For simplicity, this tutorial stores various secrets in a file as well as prints them to the terminal. In practice, refer to your organization’s official security and Terraform/infrastructure practices.

Materialize on AWS Terraform module deploys a sample infrastructure on AWS (region us-east-1) with the following components:

Component	Version
Kubernetes (EKS) cluster	All
Dedicated VPC	All
S3 for blob storage	All
RDS PostgreSQL cluster and database	All
Materialize Operator	All
Materialize instances (Deployed during subsequent runs after the Operator is running)	All
AWS Load Balancer Controller and Network Load Balancers for each Materialize instance	v0.3.0+
OpenEBS and NVMe instance storage to enable spill-to-disk	v0.3.1+
`cert-manager` and a self-signed `ClusterIssuer`. `ClusterIssuer` is deployed on subsequent runs after the `cert-manager` is running.	v0.4.0+

💡 Tip:

The tutorial uses the main.tf found in the examples/simple/ directory, which requires minimal user input. For details on the examples/simple/ infrastructure configuration (such as the node instance type, etc.), see the examples/simple/main.tf.

For more configuration options, you can use the main.tf file at the root of the repository instead. When running with the root main.tf, see AWS required configuration.

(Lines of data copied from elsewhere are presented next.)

(* Let $X$ be a finite simplicial complex and $d\ge0$. There is a one-to-one correspondence between the equivalence classes of $\sim^{\uparrow}_{d+1}$ and the distinct maps of the form $B_{d+1}FB_{d+1}^\intercal$ (with $F$ a smooth map $C_{d+1}(X)\to C_{d+1}(X)$), realized by $[F]\mapsto B_{d+1}FB_{d+1}^\intercal$. Similarly, there is a one-to-one correspondence between the equivalence classes of $\sim^{\downarrow}_{d-1}$ and the distinct maps of the form $B_d^\intercal HB_d$ (with $H$ a smooth map $C_{d-1}(X)\to C_{d-1}(X)$), realized by $[H]\mapsto B_d^\intercal HB_d$.
   Context: A finite simplicial complex $X$ on vertex set $\{1,\dots,n\}$ is a collection of nonempty subsets closed under taking nonempty subsets; $X_d$ is the set of simplices with $d+1$ vertices; a $d$-simplex with vertices $i_0<\dots<i_d$ is written $[i_0,\dots,i_d]$. $C_d(X)$ is the real vector space with basis $X_d$ and inner product making $X_d$ orthonormal ($C_{-1}(X)=0$). The boundary map is $\partial_d[i_0,\dots,i_d]=\sum_{k=0}^d(-1)^k[i_0,\dots,\widehat{i_k},\dots,i_d]$ with matrix $B_d$; $B_d^\intercal$ its transpose. $P_{d+1}$ is the orthogonal projection of $C_{d+1}(X)$ onto $\operatorname{im}(B_{d+1}^\intercal)$ and $Q_{d-1}$ is the orthogonal projection of $C_{d-1}(X)$ onto $\operatorname{im}(B_d)$. On smooth maps $C_{d+1}(X)\to C_{d+1}(X)$ the equivalence relation $\sim^{\uparrow}_{d+1}$ is $\mathcal A\sim^{\uparrow}_{d+1}\mathcal B\iff P_{d+1}\mathcal AP_{d+1}=P_{d+1}\mathcal BP_{d+1}$; on smooth maps $C_{d-1}(X)\to C_{d-1}(X)$ the relation $\sim^{\downarrow}_{d-1}$ is $\mathcal A\sim^{\downarrow}_{d-1}\mathcal B\iff Q_{d-1}\mathcal AQ_{d-1}=Q_{d-1}\mathcal BQ_{d-1}$. *)

theory Defs
  imports "HOL-Analysis.Analysis"
begin

text \<open>Simplices are vertex sets (nat set); a vset with vertices i_0<...<i_d is oriented
by this increasing order. Chains of degree k are functions (nat set => real) supported on X_k.\<close>

type_synonym vset = "nat set"
type_synonym chain = "vset \<Rightarrow> real"
lemma laplacian_form_self:
  "laplacian_form T v v = 1/2 * (\<Sum>i\<in>UNIV. \<Sum>j\<in>UNIV. T$i$j * (norm (v i - v j))\<^sup>2)"
proof -
  have expand: "(norm (v i - v j))\<^sup>2 = (norm (v i))\<^sup>2 - 2 * inner (v i) (v j) + (norm (v j))\<^sup>2"
    for i j
    by (simp add: power2_norm_eq_inner inner_diff_left inner_diff_right inner_commute)
  have "(\<Sum>i\<in>UNIV. \<Sum>j\<in>UNIV. T$i$j * (norm (v i - v j))\<^sup>2)
     = (\<Sum>i\<in>UNIV. \<Sum>j\<in>UNIV. T$i$j * (norm (v i))\<^sup>2)
       - 2 * (\<Sum>i\<in>UNIV. \<Sum>j\<in>UNIV. T$i$j * inner (v i) (v j))
       + (\<Sum>i\<in>UNIV. \<Sum>j\<in>UNIV. T$i$j * (norm (v j))\<^sup>2)"
    by (simp add: expand algebra_simps sum.distrib sum_subtractf sum_distrib_left)
  moreover have "(\<Sum>i\<in>UNIV. \<Sum>j\<in>UNIV. T$i$j * (norm (v i))\<^sup>2) = (\<Sum>i\<in>UNIV. (norm (v i))\<^sup>2)"
    by (simp add: row_sum flip: sum_distrib_right)
  moreover have "(\<Sum>i\<in>UNIV. \<Sum>j\<in>UNIV. T$i$j * (norm (v j))\<^sup>2) = (\<Sum>j\<in>UNIV. (norm (v j))\<^sup>2)"
    by (subst sum.swap) (simp add: column_sum flip: sum_distrib_right)
  ultimately show ?thesis
    by (simp add: laplacian_form_expand power2_norm_eq_inner)
qed

lemma laplacian_form_nonneg: "0 \<le> laplacian_form T v v"
  unfolding laplacian_form_self using nonneg by (simp add: sum_nonneg)

lemma laplacian_form_translate:
  "laplacian_form T (\<lambda>i. v i - a) (\<lambda>i. v i - a) = laplacian_form T v v"
  by (simp add: laplacian_form_self)

text \<open>Coordinatewise along an orthonormal basis, the form is \<open>w\<^sup>T (I - T) w\<close> on vectors w
  indexed by the nodes, and the smallest eigenvalue of T bounds \<open>w\<^sup>T T w\<close> from below.\<close>

lemma laplacian_form_le:
  fixes v :: "'n \<Rightarrow> 'a::euclidean_space"
  shows "laplacian_form T v v \<le> (1 - min_eigenvalue T) * (\<Sum>i\<in>UNIV. (norm (v i))\<^sup>2)"
proof -
  define w where "w b = (\<chi> i. inner (v i) b)" for b
  have cross: "(\<Sum>i\<in>UNIV. \<Sum>j\<in>UNIV. T$i$j * inner (v i) (v j)) = (\<Sum>b\<in>Basis. inner (w b) (T *v w b))"
  proof -
    have "(\<Sum>i\<in>UNIV. \<Sum>j\<in>UNIV. T$i$j * inner (v i) (v j))
        = (\<Sum>i\<in>UNIV. \<Sum>j\<in>UNIV. \<Sum>b\<in>Basis. inner (v i) b * (T$i$j * inner (v j) b))"
      by (simp add: euclidean_inner[of "v _" "v _"] sum_distrib_left mult_ac)
    also have "\<dots> = (\<Sum>i\<in>UNIV. \<Sum>b\<in>Basis. \<Sum>j\<in>UNIV. inner (v i) b * (T$i$j * inner (v j) b))"
      by (intro sum.cong refl) (rule sum.swap)
    also have "\<dots> = (\<Sum>b\<in>Basis. \<Sum>i\<in>UNIV. \<Sum>j\<in>UNIV. inner (v i) b * (T$i$j * inner (v j) b))"
      by (rule sum.swap)
    also have "\<dots> = (\<Sum>b\<in>Basis. inner (w b) (T *v w b))"
      by (simp add: w_def inner_vec_def matrix_vector_mult_def sum_distrib_left)
    finally show ?thesis .
  qed
  have squares: "(\<Sum>i\<in>UNIV. (norm (v i))\<^sup>2) = (\<Sum>b\<in>Basis. (norm (w b))\<^sup>2)"
  proof -
    have "(\<Sum>i\<in>UNIV. (norm (v i))\<^sup>2) = (\<Sum>i\<in>UNIV. \<Sum>b\<in>Basis. inner (v i) b * inner (v i) b)"
      by (simp add: power2_norm_eq_inner euclidean_inner[of "v _" "v _"])
    also have "\<dots> = (\<Sum>b\<in>Basis. \<Sum>i\<in>UNIV. inner (v i) b * inner (v i) b)"
      by (rule sum.swap)
    also have "\<dots> = (\<Sum>b\<in>Basis. (norm (w b))\<^sup>2)"
      by (simp add: power2_norm_eq_inner inner_vec_def w_def)
    finally show ?thesis .
  qed
  have "min_eigenvalue T * (\<Sum>i\<in>UNIV. (norm (v i))\<^sup>2)
      = (\<Sum>b\<in>Basis. min_eigenvalue T * (norm (w b))\<^sup>2)"
    by (simp add: squares sum_distrib_left)
  also have "\<dots> \<le> (\<Sum>b\<in>Basis. inner (w b) (T *v w b))"
    by (intro sum_mono min_eigenvalue_le_rayleigh symmetric)
  finally have "min_eigenvalue T * (\<Sum>i\<in>UNIV. (norm (v i))\<^sup>2) \<le> (\<Sum>b\<in>Basis. inner (w b) (T *v w b))" .
  moreover have "laplacian_form T v v = (\<Sum>i\<in>UNIV. (norm (v i))\<^sup>2) - (\<Sum>b\<in>Basis. inner (w b) (T *v w b))"
    by (simp add: laplacian_form_expand cross power2_norm_eq_inner)
  ultimately show ?thesis
    by (simp add: left_diff_distrib)
qed

lemma laplacian_form_add_scaleR_right:
  "laplacian_form T w (\<lambda>i. u i + t *\<^sub>R v i) = laplacian_form T w u + t * laplacian_form T w v"
  by (simp add: laplacian_form_commute[of w] laplacian_form_add_scaleR_left)
lemma classification_even_const:
  assumes "degree (snd (G 0 0 (1, 0))) = 0"
  shows "lam = mu \<and> (\<exists>e. e \<noteq> 0 \<and> c = a + 1/2 \<and>
    G 0 0 (1, 0) = (0, [:e:]) \<and> G 0 1 (1, 0) = (0, 0) \<and>
    G 0 1 (0, 1) = ([:2 * q / e * lam * kd q (-1) * b:], 0) \<and>
    G 0 0 (0, 1) = (smult (q / e * lam) [:- (q * a), 1:], 0))"
proof -
  obtain e where "e \<noteq> 0" and A: "G 0 0 (1, 0) = (0, [:e:])"
    and B: "G 0 0 (0, 1) = (smult (q / e * lam) [:- (q * a), 1:], 0)" and "lam = mu" "c = a + 1/2"
    using G_zero_zero_even_const[OF assms] by blast
  have C: "G 0 1 (1, 0) = (0, 0)" by (rule G_zero_one_even_eq_zero[OF assms])
  obtain D where D: "G 0 1 (0, 1) = (D, 0)" by (metis G_odd_parity prod.collapse)
  have "(0, smult e (pcompose D [:- (q/2), 1:])) = vadd (G 0 0 (G 0 1 (0, 1))) (G 0 1 (G 0 0 (0, 1)))"
    using G_zero_even[of 0 D] G_zero_even[of 1 "smult (q / e * lam) [:- (q * a), 1:]"]
    unfolding A B C D by (simp add: vadd_def)
  also have "\<dots> = vsmult (2 * q) (L 1 1 (0, 1))"
    using GG_anticommutator[of 0 0 0 1 "(0, 1)"] by simp
  also have "\<dots> = (0, [:2 * q * lam * kd q (-1) * b:])"
    using \<open>lam = mu\<close> delta_b_eq_delta_d by (auto simp: L_odd kd_simps pcompose_1 vsmult_def)
  also have "\<dots> = (0, smult e [:2 * q / e * lam * kd q (-1) * b:])"
    using \<open>e \<noteq> 0\<close> by simp
  finally have "pcompose D [:- (q/2), 1:] = [:2 * q / e * lam * kd q (-1) * b:]"
    using smult_cancel[OF \<open>e \<noteq> 0\<close>] by simp
  then have "D = [:2 * q / e * lam * kd q (-1) * b:]" by (simp add: pcompose_eq_const_iff)
  with \<open>e \<noteq> 0\<close> \<open>lam = mu\<close> \<open>c = a + 1/2\<close> A B C D show ?thesis by blast
qed

lemma classification_odd_const:
  assumes "degree (fst (G 0 0 (0, 1))) = 0"
  shows "lam = mu \<and> (\<exists>e. e \<noteq> 0 \<and> c = a - 1/2 \<and>
    G 0 0 (0, 1) = ([:e:], 0) \<and> G 0 1 (0, 1) = (0, 0) \<and>
    G 0 1 (1, 0) = (0, [:2 * q / e * lam * kd q (-1) * b:]) \<and>
    G 0 0 (1, 0) = (0, smult (q / e * lam) [:- (q * a) + q / 2, 1:]))"
proof -
  interpret swapped: NSB_rank_two_module q mu lam c d a b "parity_swap L" "parity_swap G"
    by (rule NSB_rank_two_module_parity_swap)
  have "degree (snd (parity_swap G 0 0 (1, 0))) = 0" using assms by (simp add: parity_swap_def)
  then obtain e where "mu = lam" "e \<noteq> 0" "a = c + 1/2"
    and "parity_swap G 0 0 (1, 0) = (0, [:e:])" "parity_swap G 0 1 (1, 0) = (0, 0)"
    and "parity_swap G 0 1 (0, 1) = ([:2 * q / e * mu * kd q (-1) * d:], 0)"
    and "parity_swap G 0 0 (0, 1) = (smult (q / e * mu) [:- (q * c), 1:], 0)"
    using swapped.classification_even_const by blast
  moreover have "2 * q / e * mu * kd q (-1) * d = 2 * q / e * lam * kd q (-1) * b"
    using \<open>mu = lam\<close> delta_b_eq_delta_d by (auto simp: mult.assoc)
  moreover have "smult (q / e * mu) [:- (q * c), 1:] = smult (q / e * lam) [:- (q * a) + q / 2, 1:]"
    using \<open>mu = lam\<close> \<open>a = c + 1/2\<close> by (simp add: algebra_simps)
  moreover have "c = a - 1/2" using \<open>a = c + 1/2\<close> by simp
  ultimately show ?thesis by (auto simp only: parity_swap_eq_iff swap_simp)
qed

end

theorem lemma5p1:
  fixes q lam mu a b c d :: complex
    and L G :: "int \<Rightarrow> nat \<Rightarrow> V \<Rightarrow> V"
  assumes hq: "q \<noteq> 0" and hlam: "lam \<noteq> 0" and hmu: "mu \<noteq> 0"
    and hmod: "NSB_module q L G"
    and hL0: "\<And>m i f. L m i (f, 0) =
       (smult (lam powi m)
          (([:kd (of_nat i) 0 * (- (of_int m * q * a)), kd (of_nat i) 0:]
            + [:kd q (-1) * kd (of_nat i) 1 * b:])
           * pcompose f [:- (of_int m * q), 1:]), 0)"
    and hL1: "\<And>m i g. L m i (0, g) =
       (0, smult (mu powi m)
          (([:kd (of_nat i) 0 * (- (of_int m * q * c)), kd (of_nat i) 0:]
            + [:kd q (-1) * kd (of_nat i) 1 * d:])
           * pcompose g [:- (of_int m * q), 1:]))"
  shows "lam = mu \<and> kd q (-1) * b = kd q (-1) * d \<and>
    (\<exists>e. e \<noteq> 0 \<and>
      ((c = a + 1/2 \<and>
        G 0 0 (1, 0) = (0, [:e:]) \<and>
        G 0 1 (1, 0) = (0, 0) \<and>
        G 0 1 (0, 1) = ([:2 * q / e * lam * kd q (-1) * b:], 0) \<and>
        G 0 0 (0, 1) = (smult (q / e * lam) [:- (q * a), 1:], 0))
     \<or>
       (c = a - 1/2 \<and>
        G 0 0 (0, 1) = ([:e:], 0) \<and>
        G 0 1 (0, 1) = (0, 0) \<and>
        G 0 1 (1, 0) = (0, [:2 * q / e * lam * kd q (-1) * b:]) \<and>
        G 0 0 (1, 0) = (0, smult (q / e * lam) [:- (q * a) + q / 2, 1:]))))"
proof -
  interpret NSB_rank_two_module q lam mu a b c d L G
    using assms by (rule NSB_rank_two_module.intro)
  from G_zero_zero_degree_cases show ?thesis
  proof
    assume "degree (snd (G 0 0 (1, 0))) = 0"
    with classification_even_const delta_b_eq_delta_d show ?thesis by blast
  next
    assume "degree (fst (G 0 0 (0, 1))) = 0"
    with classification_odd_const delta_b_eq_delta_d show ?thesis by blast
  qed
qed

end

Terraform version	Notable changes
v0.4.3	Defaults to using Materialize Operator v25.1.7 (via `terraform-helm-materialize` v0.1.12). Versions v0.4.0 defaulted to Materialize Operator v25.1.6 which used an incorrect version of the `orchestratord`).
v0.4.0	By default, deploys `cert-manager` and a self-signed `ClusterIssuer`.
v0.3.1	By default, deploys OpenEBS and NVMe instance storage to enable spill-to-disk.
v0.3.0	By default, deploys the AWS Load Balancer Controller as well as Network Load Balancers (NLBs) for each Materialize instance (i.e., the `create_nlb` flag defaults to `true`). The NLBs, by default, are configured to be internal (i.e., the `internal_nlb` flag defaults to `true`).
v0.2.7	Initial release of Materialize on AWS.

Open a Terminal window.
Configure AWS CLI with your AWS credentials. For details, see the AWS documentation.
Fork the Materialize’s sample Terraform repo.
Set MY_ORGANIZATION to your github organization name, substituting your organization’s name for <enter-your-organization>:
```
MY_ORGANIZATION=<enter-your-organization>
```
Clone your forked repo and checkout the v0.4.3 tag. For example,
- If cloning via SSH (replace YOUR_ORGANIZATION with your organization’s name):
```
git clone --depth 1 -b v0.4.3 git@github.com:${MY_ORGANIZATION}/terraform-aws-materialize.git
```
- If cloning via HTTPS (replace YOUR_ORGANIZATION with your organization’s name):
```
git clone --depth 1 -b v0.4.3 https://github.com/${MY_ORGANIZATION}/terraform-aws-materialize.git
```
Go to the examples/simple folder in the Materialize Terraform repo directory.
```
cd terraform-aws-materialize/examples/simple
```
💡 Tip:
The tutorial uses the main.tf found in the examples/simple/ directory, which requires minimal user input. For details on the examples/simple/ infrastructure configuration (such as the node instance type, etc.), see the examples/simple/main.tf.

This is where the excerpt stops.